Anachronism, even historical and cultural
confusion on this heroic scale, has always been a feature of stained glass
representation of biblical events. What is so arresting here, however, is the
dramatic and exclusive use of silver staining
for the whole composition of the distant city: black and white, silver and
grey, ochre and umber, lemon and gold – these are the colours characteristically
created by silver staining. And indeed they dominate the entire window and unify
the whole design: the cross is silver stained, so are the great wedges hammered
into the ground at its base. So, too, the capacious cloaks worn by Mary and
John, and likewise the architectural framework of each light, where pairs of
rather mannered classical columns support round-headed arches topped by chubby cherubs,
from whose necks green foliate swags loop down to either side of the arches.
Extensive and exquisite use of silver
staining is an absolute hallmark of Kempe glass, both sacred and secular - see
for instance the panel originally made for Kempe’s own home, Old
Place, Lindfield (not far from Wakehurst) - but now at the National Trust’s
Wightwick Manor
near Wolverhampton . But I can point to no other window that employs silver
staining with such bizarre bravura as at Wakehurst.
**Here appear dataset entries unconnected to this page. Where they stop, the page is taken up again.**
lemma sum_if_between_eq_sum_int:
  fixes f :: "int \<Rightarrow> 'a::comm_monoid_add"
  assumes "1 \<le> i" "j \<le> n"
  shows "(\<Sum>l=1..n. if i \<le> l \<and> l \<le> j then f (int l) else 0) = (\<Sum>x\<in>{int i..int j}. f x)"
proof -
  have "(\<Sum>l=1..n. if i \<le> l \<and> l \<le> j then f (int l) else 0) = (\<Sum>l=i..j. f (int l))"
    by (rule sum.mono_neutral_cong_right) (use assms in auto)
  also have "\<dots> = (\<Sum>x\<in>{int i..int j}. f x)"
    by (rule sum.reindex_bij_witness[of _ nat int]) auto
  finally show ?thesis .
qed

lemma mmult_upper_toeplitz:
  assumes "i \<in> {1..n}" "j \<in> {1..n}"
  shows "mmult n (upper_toeplitz P a) (upper_toeplitz P b) i j
       = (if i \<le> j then conv_sum P (int a + int b - (int j - int i)) (int a - (int j - int i)) (int a)
          else 0)"
proof (cases "i \<le> j")
  case True
  have "mmult n (upper_toeplitz P a) (upper_toeplitz P b) i j
      = (\<Sum>l=1..n. if i \<le> l \<and> l \<le> j then
           (\<lambda>x. P (int a - x + int i) * P (int b - int j + x)) (int l) else 0)"
    unfolding mmult_def upper_toeplitz_def by (rule sum.cong) auto
  also have "\<dots> = (\<Sum>x\<in>{int i..int j}. P (int a - x + int i) * P (int b - int j + x))"
    using assms by (intro sum_if_between_eq_sum_int) auto
  also have "\<dots> = conv_sum P (int a + int b - (int j - int i)) (int a - (int j - int i)) (int a)"
    unfolding conv_sum_def
    by (rule sum.reindex_bij_witness[of _ "\<lambda>y. int a + int i - y" "\<lambda>x. int a + int i - x"])
      (auto simp: algebra_simps)
  finally show ?thesis using True by simp
qed (auto simp: mmult_def upper_toeplitz_def intro!: sum.neutral)

lemma mmult_upper_toeplitz_commute:
  assumes "i \<in> {1..n}" "j \<in> {1..n}"
  shows "mmult n (upper_toeplitz P a) (upper_toeplitz P b) i j
       = mmult n (upper_toeplitz P b) (upper_toeplitz P a) i j"
  using conv_sum_reflect[of "int a" "int b" "int a + int b - (int j - int i)" "int j - int i" P]
  unfolding mmult_upper_toeplitz[OF assms] by (simp add: add.commute)

lemma upper_toeplitz_dir_mvmult:
  assumes "i \<le> j"
  shows "upper_toeplitz_dir P n a (mvmult n (upper_toeplitz P b) w) i j
       = (\<Sum>s=1..n. w s * conv_sum P (int a + int b - int s - (int j - int i))
                                       (int b - int s + 1) (int b))"
proof -
  have "upper_toeplitz_dir P n a (mvmult n (upper_toeplitz P b) w) i j
      = (\<Sum>l=1..n. \<Sum>s=1..n. upper_toeplitz P b l s * w s * P (int a - int j + int i - int l))"
    unfolding upper_toeplitz_dir_def mvmult_def using assms by (simp add: sum_distrib_right)
  also have "\<dots> = (\<Sum>s=1..n. \<Sum>l=1..n. upper_toeplitz P b l s * w s * P (int a - int j + int i - int l))"
    by (rule sum.swap)
  also have "\<dots> = (\<Sum>s=1..n. w s * conv_sum P (int a + int b - int s - (int j - int i))
                                               (int b - int s + 1) (int b))"
  proof (rule sum.cong[OF refl])
    fix s assume s: "s \<in> {1..n}"
    have "(\<Sum>l=1..n. upper_toeplitz P b l s * w s * P (int a - int j + int i - int l))
        = w s * (\<Sum>l=1..n. if 1 \<le> l \<and> l \<le> s then
             (\<lambda>x. P (x + (int b - int s)) * P (int a - (int j - int i) - x)) (int l) else 0)"
      unfolding sum_distrib_left by (rule sum.cong) (auto simp: upper_toeplitz_def algebra_simps)
    also have "\<dots> = w s * (\<Sum>x\<in>{1..int s}. P (x + (int b - int s)) * P (int a - (int j - int i) - x))"
      using s sum_if_between_eq_sum_int[of 1 s n
          "\<lambda>x. P (x + (int b - int s)) * P (int a - (int j - int i) - x)"] by simp
    also have "\<dots> = w s * conv_sum P (int a + int b - int s - (int j - int i)) (int b - int s + 1) (int b)"
      using conv_sum_shift[of P "int b - int s" "int a + int b - int s - (int j - int i)" 1 "int s"]
      by (simp add: algebra_simps)
    finally show "(\<Sum>l=1..n. upper_toeplitz P b l s * w s * P (int a - int j + int i - int l)) = \<dots>" .
  qed
  finally show ?thesis .
qed

lemma mmult_upper_toeplitz_dir:
  assumes "i \<in> {1..n}" "j \<in> {1..n}" "i \<le> j"
  shows "mmult n (upper_toeplitz P a) (upper_toeplitz_dir P n b w) i j
       = (\<Sum>s=1..n. w s * conv_sum P (int a + int b - int s - (int j - int i))
                                       (int b - int s - (int j - int i)) (int b - int s))"
proof -
  have "mmult n (upper_toeplitz P a) (upper_toeplitz_dir P n b w) i j
      = (\<Sum>l=1..n. \<Sum>s=1..n. if i \<le> l \<and> l \<le> j then
           w s * (P (int a - int l + int i) * P (int b - int j + int l - int s)) else 0)"
    unfolding mmult_def
    by (rule sum.cong) (auto simp: upper_toeplitz_def upper_toeplitz_dir_def sum_distrib_left algebra_simps)
  also have "\<dots> = (\<Sum>s=1..n. \<Sum>l=1..n. if i \<le> l \<and> l \<le> j then
           w s * (P (int a - int l + int i) * P (int b - int j + int l - int s)) else 0)"
    by (rule sum.swap)
  also have "\<dots> = (\<Sum>s=1..n. w s * conv_sum P (int a + int b - int s - (int j - int i))
                                       (int b - int s - (int j - int i)) (int b - int s))"
  proof (rule sum.cong[OF refl])
    fix s :: nat
    let ?c = "int b - int j - int s"
    have "(\<Sum>l=1..n. if i \<le> l \<and> l \<le> j then
           w s * (P (int a - int l + int i) * P (int b - int j + int l - int s)) else 0)
        = w s * (\<Sum>l=1..n. if i \<le> l \<and> l \<le> j then
             (\<lambda>x. P (x + ?c) * P (int a + int i - x)) (int l) else 0)"
      unfolding sum_distrib_left by (rule sum.cong) (auto simp: algebra_simps)
    also have "\<dots> = w s * (\<Sum>x\<in>{int i..int j}. P (x + ?c) * P (int a + int i - x))"
      using assms sum_if_between_eq_sum_int[of i j n "\<lambda>x. P (x + ?c) * P (int a + int i - x)"]
      by simp
    also have "\<dots> = w s * conv_sum P (int a + int b - int s - (int j - int i))
                                       (int b - int s - (int j - int i)) (int b - int s)"
      using conv_sum_shift[of P ?c "int a + int b - int s - (int j - int i)" "int i" "int j"]
      by (simp add: algebra_simps)
    finally show "(\<Sum>l=1..n. if i \<le> l \<and> l \<le> j then
           w s * (P (int a - int l + int i) * P (int b - int j + int l - int s)) else 0) = \<dots>" .
  qed
  finally show ?thesis .
qed

lemma upper_toeplitz_dir_mvmult_add_mmult:
  assumes "i \<in> {1..n}" "j \<in> {1..n}" "i \<le> j"
  shows "upper_toeplitz_dir P n a (mvmult n (upper_toeplitz P b) w) i j
         + mmult n (upper_toeplitz P a) (upper_toeplitz_dir P n b w) i j
       = (\<Sum>s=1..n. w s * conv_sum P (int a + int b - int s - (int j - int i))
                                       (int b - int s - (int j - int i)) (int b))"
  unfolding upper_toeplitz_dir_mvmult[OF assms(3)] mmult_upper_toeplitz_dir[OF assms]
    sum.distrib[symmetric] distrib_left[symmetric]
  using assms(3) by (intro sum.cong refl arg_cong[where f = "(*) _"])
    (subst add.commute, rule conv_sum_split, auto)

lemma upper_toeplitz_compatibility:
  assumes "i \<in> {1..n}" "j \<in> {1..n}"
  shows "upper_toeplitz_dir P n k (mvmult n (upper_toeplitz P m) w) i j
       - upper_toeplitz_dir P n m (mvmult n (upper_toeplitz P k) w) i j
       + mmult n (upper_toeplitz P k) (upper_toeplitz_dir P n m w) i j
       - mmult n (upper_toeplitz P m) (upper_toeplitz_dir P n k w) i j = 0"
proof (cases "i \<le> j")
  case True
  have "conv_sum P (int k + int m - int s - (int j - int i)) (int m - int s - (int j - int i)) (int m)
      = conv_sum P (int m + int k - int s - (int j - int i)) (int k - int s - (int j - int i)) (int k)"
    for s
    using conv_sum_reflect[of "int m" "int k" _ "int s + (int j - int i)" P]
    by (simp add: algebra_simps)
  then show ?thesis
    using upper_toeplitz_dir_mvmult_add_mmult[OF assms True, of P k m w]
      upper_toeplitz_dir_mvmult_add_mmult[OF assms True, of P m k w]
    by (simp add: algebra_simps)
next
  case False
  then have "mmult n (upper_toeplitz P a) (upper_toeplitz_dir P n b v) i j = 0" for a b v
    by (auto simp: mmult_def upper_toeplitz_def upper_toeplitz_dir_def intro!: sum.neutral)
  with False show ?thesis by (simp add: upper_toeplitz_dir_def)
qed

lemma mvmult_mmult: "mvmult n (mmult n A B) v i = mvmult n A (mvmult n B v) i"
  unfolding mvmult_def mmult_def
  by (simp add: sum_distrib_left sum_distrib_right mult.assoc) (rule sum.swap)

lemma mvmult_add_vec: "mvmult n A (\<lambda>r. v r + v' r) i = mvmult n A v i + mvmult n A v' i"
  by (simp add: mvmult_def distrib_left sum.distrib)

lemma mvmult_add_mat: "mvmult n (\<lambda>i j. A i j + B i j) v i = mvmult n A v i + mvmult n B v i"
  by (simp add: mvmult_def distrib_right sum.distrib)

lemma mvmult_row_cong:
  "(\<And>j. j \<in> {1..n} \<Longrightarrow> A i j = B i j) \<Longrightarrow> mvmult n A v i = mvmult n B v i"
  unfolding mvmult_def by (rule sum.cong) auto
To judge the strangeness of this window,
compare it with a window
in Rendcomb
Church, Gloucestershire. This, dating from a little earlier (1895), depicts
the Supper at Emmaus, on the evening of the Resurrection. Again the roofs and
towers of Jerusalem form a backdrop to the scene, but this time our viewpoint
is not looking up to the face of Christ and then to the top of the cross and
the bowed head of the dying Christ; now we are looking at him at eye-level
across the table. So we look down onto the rather crudely drawn cottage loaf,
from which Jesus has pulled the top-knot in the act of breaking bread. (We’ll
overlook the fact that the bread should have been unleavened.) In the distance,
blue-grey Jerusalem is silhouetted against the hills in the background: no
silver staining there. And the whole
scene is framed by a kind of pergola supporting a vine dripping with huge
pendulous bunches of grapes. One has only to contrast the range of colours in
the Rendcomb window with the austerity of the Wakehurst palette, to see how
striking this endangered window is.
It’s endangered because the architectural
consultants who are advising the National Trust on what to do about Wakehurst
Place want to take the Kempe windows out of the Chapel, so that the space can
be (dread word!) ‘re-purposed’. They don’t like the fact that below the stained
glass, the lower part of the three-light window has been blanked out with a
stone infill, which, from the outside, looks rather clumsy. This was hardly
Kempe’s fault: I assume that the infilling had been done originally to
accommodate a tall reredos behind the altar and that the window, when designed
by the Kempe Studio, was intended to come to the top of the reredos, and no
lower. The reredos has disappeared, of course, along with everything else that
once gave the Chapel meaning – except the stained glass. So to remove the glass
would be absolutely the wrong thing to do. It should stay.
Adrian Barlow
[illustrations: (i and ii) East window,
Wakehurst Place, Sussex, by the Kempe Studio, 1905; (iii) Annunciation roundel,
formerly at Old Place, Lindfield, and now at Wightwick Manor (courtesy, the
National Trust); (iv) The Supper at Emmaus window, Rendcomb Church,
Gloucestershire, Kempe, 1895. Photographs © the author.